Stored items:
>>>
theorem coset_leader_iff_window:
  fixes n m x :: nat
  assumes n: "n = 2 ^ m + 1" and "0 < m" and "0 < x" and "x < n"
  shows "coset_leader n x \<longleftrightarrow> (\<forall>j<m. x \<le> x * 2 ^ j mod n \<and> x * 2 ^ j mod n + x \<le> n)"
proof
  assume "coset_leader n x"
  then have le: "x \<le> x * 2 ^ k mod n" for k
    using coset_leader_iff_le n by simp
  show "\<forall>j<m. x \<le> x * 2 ^ j mod n \<and> x * 2 ^ j mod n + x \<le> n"
  proof (intro allI impI conjI)
    fix j
    show "x \<le> x * 2 ^ j mod n" by (rule le)
    show "x * 2 ^ j mod n + x \<le> n"
    proof (rule ccontr)
      assume "\<not> x * 2 ^ j mod n + x \<le> n"
      moreover have "x * 2 ^ (m + j) mod n = n - x * 2 ^ j mod n"
        using le[of j] \<open>0 < x\<close> by (intro mult_two_pow_add_mod_pos[OF n]) auto
      moreover have "x * 2 ^ j mod n < n" using n by simp
      ultimately show False using le[of "m + j"] by linarith
    qed
  qed
next
  assume "\<forall>j<m. x \<le> x * 2 ^ j mod n \<and> x * 2 ^ j mod n + x \<le> n"
  then have "x \<le> x * 2 ^ k mod n" for k
    using mult_two_pow_mod_window[OF n \<open>0 < m\<close> \<open>0 < x\<close>] by blast
  then show "coset_leader n x"
    using coset_leader_iff_le n \<open>x < n\<close> by simp
qed

lemma mult_mod_Suc_mult:
  fixes a b h c :: nat
  assumes "c < a" and "h \<le> c * b"
  shows "(h * a + c) * b mod (a * b + 1) = c * b - h"
proof -
  have "(h * a + c) * b = (c * b - h) + h * (a * b + 1)"
    using assms(2) by (simp add: algebra_simps)
  moreover have "c * b - h < a * b + 1"
    using assms(1) mult_le_mono1[of c a b] by linarith
  ultimately show ?thesis
    by (simp only: mod_mult_self1 mod_less)
qed

lemma mult_mod_Suc_mult_window_iff:
  fixes a b h c :: nat
  assumes "c < a" and "h \<le> c * b"
  defines "x \<equiv> h * a + c" and "r \<equiv> (h * a + c) * b mod (a * b + 1)"
  shows "x \<le> r \<and> r + x \<le> a * b + 1 \<longleftrightarrow> x + h \<le> c * b \<and> c * b + x \<le> a * b + 1 + h"
  using mult_mod_Suc_mult[OF assms(1,2)] assms(2) unfolding x_def r_def by linarith

lemma mult_mod_window_no_wrap:
  fixes a b x :: nat
  assumes "0 < b" and "x * (b + 1) \<le> a * b"
  shows "x \<le> x * b mod (a * b + 1) \<and> x * b mod (a * b + 1) + x \<le> a * b + 1"
proof -
  have "x \<le> x * b" using \<open>0 < b\<close> by simp
  moreover have "x * b + x \<le> a * b" using assms(2) by (simp add: algebra_simps)
  ultimately show ?thesis by simp
qed

lemma mult_mod_window_even_divisor:
  fixes a b x :: nat
  assumes "even a" and "0 < a" and "odd x" and "x * (a + 1) \<le> a * b"
  shows "x \<le> x * b mod (a * b + 1) \<and> x * b mod (a * b + 1) + x \<le> a * b + 1"
proof -
  define h c where "h = x div a" and "c = x mod a"
  have x: "x = h * a + c" and "c < a"
    using \<open>0 < a\<close> by (simp_all add: h_def c_def)
  have "c \<noteq> 0"
    using assms(1,3) by (auto simp: c_def dest: dvd_trans)
  have "a * (x + h) \<le> a * b"
    using assms(4) x by (simp add: algebra_simps)
  then have "x + h \<le> b" using \<open>0 < a\<close> by simp
  moreover have "b \<le> c * b" and "c * b + b \<le> a * b"
    using \<open>c \<noteq> 0\<close> \<open>c < a\<close> mult_le_mono1[of "Suc c" a b] by simp_all
  ultimately have "x + h \<le> c * b \<and> c * b + x \<le> a * b + 1 + h"
    by linarith
  then show ?thesis
    using mult_mod_Suc_mult_window_iff[OF \<open>c < a\<close>] x by simp
qed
<<<
PROBLEM STATEMENT: The stretch of entries above that starts with the line containing "using assms(1) mult_le_mono1[of" and goes on through the line containing "(a + 1) \<le> a" is to be transcribed exactly, and no other line is to be transcribed.

TASK SOLUTION:
    using assms(1) mult_le_mono1[of c a b] by linarith
  ultimately show ?thesis
    by (simp only: mod_mult_self1 mod_less)
qed

lemma mult_mod_Suc_mult_window_iff:
  fixes a b h c :: nat
  assumes "c < a" and "h \<le> c * b"
  defines "x \<equiv> h * a + c" and "r \<equiv> (h * a + c) * b mod (a * b + 1)"
  shows "x \<le> r \<and> r + x \<le> a * b + 1 \<longleftrightarrow> x + h \<le> c * b \<and> c * b + x \<le> a * b + 1 + h"
  using mult_mod_Suc_mult[OF assms(1,2)] assms(2) unfolding x_def r_def by linarith

lemma mult_mod_window_no_wrap:
  fixes a b x :: nat
  assumes "0 < b" and "x * (b + 1) \<le> a * b"
  shows "x \<le> x * b mod (a * b + 1) \<and> x * b mod (a * b + 1) + x \<le> a * b + 1"
proof -
  have "x \<le> x * b" using \<open>0 < b\<close> by simp
  moreover have "x * b + x \<le> a * b" using assms(2) by (simp add: algebra_simps)
  ultimately show ?thesis by simp
qed

lemma mult_mod_window_even_divisor:
  fixes a b x :: nat
  assumes "even a" and "0 < a" and "odd x" and "x * (a + 1) \<le> a * b"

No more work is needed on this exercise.